Ritter Sport Deepens U.S. Premium Chocolate Presence With Chocolove Acquisition
Ritter Sport has moved decisively to strengthen its presence in the United States by acquiring Creative Natural Products, Inc., the Boulder-based maker of Chocolove. The deal brings the well-established premium chocolate brand under the newly created Ritter Sport U.S. subsidiary, marking one of the German chocolate maker’s most assertive North American expansion steps to date.
Chocolove, known for its premium positioning and focus on ethically sourced ingredients, has built a loyal U.S. consumer base over several decades. The brand sits firmly within the craft-leaning tier of the chocolate category and reaches shoppers through natural, specialty, and mainstream retail channels. Ritter Sport, which also holds a modest share of the U.S. chocolate market, operates in a similar price band and competes within the same premium segment. The acquisition unites two brands with comparable market weight and parallel consumer appeal. By integrating Chocolove into its newly formed U.S. subsidiary, Ritter Sport gains domestic production capabilities, closer supply chain control, and stronger retail access—advantages it did not previously have at scale, despite already being a familiar name to American consumers.
The acquisition comes amid a steady stream of deal-making in the chocolate and confectionery sector this year. Activity has spanned the U.S., UK, and Europe, involving both long-established manufacturers and a small number of newer portfolio-style groups. In the U.S., Chocolate Works’ purchase of Thompson Chocolate highlighted the value placed on specialised capabilities such as foil-wrapped novelty production. In Europe, Ferrero advanced its expansion efforts through multiple transactions, while BonBon’s Wholesale in the UK broadened its reach with the addition of ChocAmor.
Market Context
Ritter Sport and Chocolove: Both operate within the premium chocolate tier, emphasizing ingredients and brand storytelling. Ritter Sport’s acquisition aligns it with a U.S. brand already recognized for quality-centric positioning and sustainability messaging.
Other U.S. rivals: The U.S. chocolate market is largely dominated by domestic brands with deep heritage and widespread consumer recognition. Companies such as Hershey’s, Reese’s, Dove, KitKat (U.S.-produced), and Russell Stover control the majority of mainstream retail channels, supported by established seasonal lines and broad distribution.

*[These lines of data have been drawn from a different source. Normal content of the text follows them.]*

(* Fix $\varepsilon\in(0,1)$, a positive sequence $\lambda_n\to0$, and a nonzero positive semidefinite $2\times2$ matrix $\mathbf{V}$. There exists a finite constant $h(\mathbf{V},\varepsilon)$ such that, for all sufficiently large $n$, $$\Psi^{-1}(\mathbf{V},\varepsilon+\lambda_n)\subset\Psi^{-1}(\mathbf{V},\varepsilon)+h(\mathbf{V},\varepsilon)\lambda_n\mathbf{1},$$ where $\mathbf{1}=(1,1)^T$ and $A+c\mathbf{1}:=\{\mathbf{a}+c\mathbf{1}:\mathbf{a}\in A\}$.
   Context: For a nonzero positive semidefinite $2\times2$ matrix $\mathbf{V}$ and $\varepsilon\in(0,1)$: $\Psi(z_1,z_2;\mathbf{V}):=\Pr(U_1\le z_1,U_2\le z_2)$ for $\mathbf{U}\sim\mathcal{N}(\mathbf{0},\mathbf{V})$, and $\Psi^{-1}(\mathbf{V},\varepsilon):=\{(z_1,z_2)\in\mathbb{R}^2:\Psi(-z_1,-z_2;\mathbf{V})\ge1-\varepsilon\}$. *)

theory Defs
  imports "HOL-Probability.Probability"
begin

definition psd2 :: "real^2^2 \<Rightarrow> bool" where
  "psd2 V \<longleftrightarrow> transpose V = V \<and> (\<forall>x::real^2. 0 \<le> x \<bullet> (V *v x))"

definition std_normal2 :: "(real \<times> real) measure" where
  "std_normal2 = density lborel std_normal_density \<Otimes>\<^sub>M density lborel std_normal_density"

text \<open>A square-root factor A with A A^T = V (any choice; the law of A Z does not depend on it).\<close>
definition sqrt_factor :: "real^2^2 \<Rightarrow> real^2^2" where
  "sqrt_factor V = (SOME A. A ** transpose A = V)"

text \<open>The law of U ~ N(0,V), realised as U = A Z with Z standard bivariate normal, A A^T = V.\<close>
definition gauss2 :: "real^2^2 \<Rightarrow> (real \<times> real) measure" where
  "gauss2 V = (let A = sqrt_factor V in
     distr std_normal2 borel
       (\<lambda>(z1, z2). (A$1$1 * z1 + A$1$2 * z2, A$2$1 * z1 + A$2$2 * z2)))"

definition Psi :: "real \<Rightarrow> real \<Rightarrow> real^2^2 \<Rightarrow> real" where
  "Psi z1 z2 V = measure (gauss2 V) {u. fst u \<le> z1 \<and> snd u \<le> z2}"

definition Psi_inv :: "real^2^2 \<Rightarrow> real \<Rightarrow> (real \<times> real) set" where
  "Psi_inv V \<epsilon> = {(z1, z2). Psi (- z1) (- z2) V \<ge> 1 - \<epsilon>}"

definition shift1 :: "(real \<times> real) set \<Rightarrow> real \<Rightarrow> (real \<times> real) set" where
  "shift1 A c = (\<lambda>(a1, a2). (a1 + c, a2 + c)) ` A"

end

theory Submission
  imports Defs
begin

(* Write Psi(z; V) = P(A Z <= z) with Z standard Gaussian in R^2 and A A^T = V.  Raising z by t(1,1)
   adds the layer {z < A Z <= z + t(1,1)}, which has probability at least kappa t as long as Psi
   stays in [delta, 1 - eps]; so a point with Psi >= 1 - eps - lambda is moved into Psi^{-1}(V, eps)
   by the diagonal shift lambda / kappa.
   For the layer bound choose a box B = [-M, M]^2 so large that K = {A Z <= z} and its complement
   both keep mass eta inside B.  Either every vertical segment of B leaves K: then along each vertical
   line through K inside B the convex, L-Lipschitz function max_i ((A z)_i - z_i) passes from <= 0
   to > 0 within [-M, M], so it spends length t / L in (0, t] at places where the Gaussian density
   is at least phi(M + 1).  Or some vertical segment lies in K: then every horizontal line through
   B - K meets K inside B and the same argument applies horizontally.  Fubini gives the bound. *)

abbreviation std_normal :: "real measure" where
  "std_normal \<equiv> density lborel (\<lambda>x. ennreal (std_normal_density x))"

interpretation std_normal: prob_space std_normal
  by (simp add: prob_space_normal_density)

lemma std_normal_density_le_abs:
  assumes "\<bar>y\<bar> \<le> m"
  shows "std_normal_density m \<le> std_normal_density y"
proof -
  have "y\<^sup>2 \<le> m\<^sup>2"
    using assms by (metis abs_le_square_iff abs_of_nonneg abs_ge_zero order_trans)
  then show ?thesis
    unfolding std_normal_density_def by (intro mult_left_mono) auto
qed

lemma measure_std_normal_interval_ge:
  assumes "-M \<le> e" "e + r \<le> M" "0 < r"
  shows "r * std_normal_density M \<le> measure std_normal {e<..<e+r}"
proof -
  have "ennreal (r * std_normal_density M) =
      (\<integral>\<^sup>+y. ennreal (std_normal_density M) * indicator {e<..<e+r} y \<partial>lborel)"
    using assms by (simp add: nn_integral_cmult_indicator ennreal_mult' mult.commute)
  also have "\<dots> \<le> (\<integral>\<^sup>+y. ennreal (std_normal_density y) * indicator {e<..<e+r} y \<partial>lborel)"
    using assms
    by (intro nn_integral_mono) (auto simp: indicator_def intro!: std_normal_density_le_abs)
  also have "\<dots> = emeasure std_normal {e<..<e+r}"
    by (simp add: emeasure_density)
  finally show ?thesis
    by (simp add: std_normal.emeasure_eq_measure ennreal_le_iff)
qed

lemma finite_measure_real_tail_small:
  fixes \<mu> :: "real measure"
  assumes "finite_measure \<mu>" "sets \<mu> = sets borel" "0 < \<eta>"
  shows "\<exists>M>0. measure \<mu> {y. M < \<bar>y\<bar>} \<le> \<eta>"
proof -
  interpret finite_measure \<mu> by (rule assms(1))
  define tail where "tail n = {y::real. real n < \<bar>y\<bar>}" for n :: nat
  have tail_sets: "tail n \<in> sets \<mu>" for n
    unfolding assms(2) tail_def by measurable
  have "decseq tail"
    by (auto simp: decseq_def tail_def)
  then have "(\<lambda>n. measure \<mu> (tail n)) \<longlonglongrightarrow> measure \<mu> (\<Inter>n. tail n)"
    using tail_sets by (intro finite_Lim_measure_decseq) auto
  moreover have "(\<Inter>n. tail n) = {}"
  proof (intro equals0I)
    fix y assume y: "y \<in> (\<Inter>n. tail n)"
    obtain n where "\<bar>y\<bar> < real n" using reals_Archimedean2 by blast
    moreover have "real n < \<bar>y\<bar>" using y by (auto simp: tail_def)
    ultimately show False by simp
  qed
  ultimately have "(\<lambda>n. measure \<mu> (tail n)) \<longlonglongrightarrow> 0"
    by simp
  then obtain n where n: "measure \<mu> (tail n) < \<eta>"
    using assms(3) order_tendstoD(2) by (metis eventually_sequentially order_refl)
  have "measure \<mu> (tail (Suc n)) \<le> measure \<mu> (tail n)"
    using tail_sets by (intro finite_measure_mono) (auto simp: tail_def)
  with n have "measure \<mu> {y. real (Suc n) < \<bar>y\<bar>} \<le> \<eta>"
    unfolding tail_def by linarith
  then show ?thesis
    using of_nat_0_less_iff zero_less_Suc by blast
qed

lemma quasiconvex_exit_interval_right:
  fixes f :: "real \<Rightarrow> real"
  assumes quasiconvex: "\<And>u v z. u \<le> z \<Longrightarrow> z \<le> v \<Longrightarrow> f z \<le> max (f u) (f v)"
    and lipschitz: "\<And>u v. f u \<le> f v + L * \<bar>u - v\<bar>"
    and "0 \<le> L" "y0 < y1" "f y0 \<le> 0" "0 < f y1"
  shows "\<exists>e\<in>{y0..y1}. {e<..<e+r} \<subseteq> {y. 0 < f y \<and> f y \<le> L * r}"
proof -
  define S where "S = {y. f y \<le> 0}"
  have S_le: "y \<le> y1" if "y \<in> S" for y
  proof (rule ccontr)
    assume "\<not> y \<le> y1"
    then have "f y1 \<le> max (f y0) (f y)"
      using quasiconvex \<open>y0 < y1\<close> by simp
    with that \<open>f y0 \<le> 0\<close> \<open>0 < f y1\<close> show False
      by (simp add: S_def)
  qed
  have "y0 \<in> S" using \<open>f y0 \<le> 0\<close> by (simp add: S_def)
  have bdd: "bdd_above S" using S_le by (rule bdd_aboveI)
  define e where "e = Sup S"
  have "y0 \<le> e" unfolding e_def using \<open>y0 \<in> S\<close> bdd by (rule cSup_upper)
  moreover have "e \<le> y1" unfolding e_def using \<open>y0 \<in> S\<close> S_le by (auto intro: cSup_least)
  moreover have "{e<..<e+r} \<subseteq> {y. 0 < f y \<and> f y \<le> L * r}"
  proof
    fix y assume y: "y \<in> {e<..<e+r}"
    have "y \<notin> S" using y cSup_upper[OF _ bdd] by (force simp: e_def)
    moreover have "y - r < Sup S" using y by (simp add: e_def)
    then obtain s where s: "s \<in> S" "y - r < s"
      using less_cSup_iff[OF _ bdd] \<open>y0 \<in> S\<close> by blast
    moreover have "s \<le> e" unfolding e_def using s(1) bdd by (rule cSup_upper)
    ultimately have "0 < f y" "\<bar>y - s\<bar> \<le> r" "f s \<le> 0"
      using y by (auto simp: S_def)
    then show "y \<in> {y. 0 < f y \<and> f y \<le> L * r}"
      using lipschitz[of y s] mult_left_mono[OF \<open>\<bar>y - s\<bar> \<le> r\<close> \<open>0 \<le> L\<close>] by simp
  qed
  ultimately show ?thesis by auto
qed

Imported or globally owned brands, including Lindt, Ghirardelli, Ferrero, and Kinder, occupy smaller, often premium-focused niches within the market, typically targeting gifting segments, specialty stores, or higher-end retail formats. This domestic-heavy landscape sets the context for smaller U.S. premium brands like Chocolove and imported brands such as Ritter Sport, which operate in parallel but more modestly scaled positions.
Industry Trends And Themes In M&A Activity Worldwide
Premiumisation of everyday chocolate: Consumers increasingly trade up from mass-market tablets to bars with higher cocoa content, ethical sourcing claims, and interesting flavour profiles. Chocolove’s single-origin and organic focus aligns perfectly with Ritter Sport’s existing “sustainable cocoa” messaging.
Acquisitions targeted at production expertise: Buyers are targeting limited U.S. capabilities; for instance, Thompson Chocolate was purchased for its unique foil-wrapping know-how, and Chocolove was acquired by Ritter Sport for its established natural and organic premium-bar production in Boulder, Colorado.
European brands building direct US presence through acquisition and retail scaling: Ritter Sport has deepened its U.S. presence via its acquisition of Chocolove and the formation of a dedicated US subsidiary for localized production and distribution; similarly, we see European chocolate giants like Venchi and Laderach adding multiple U.S. locations this year.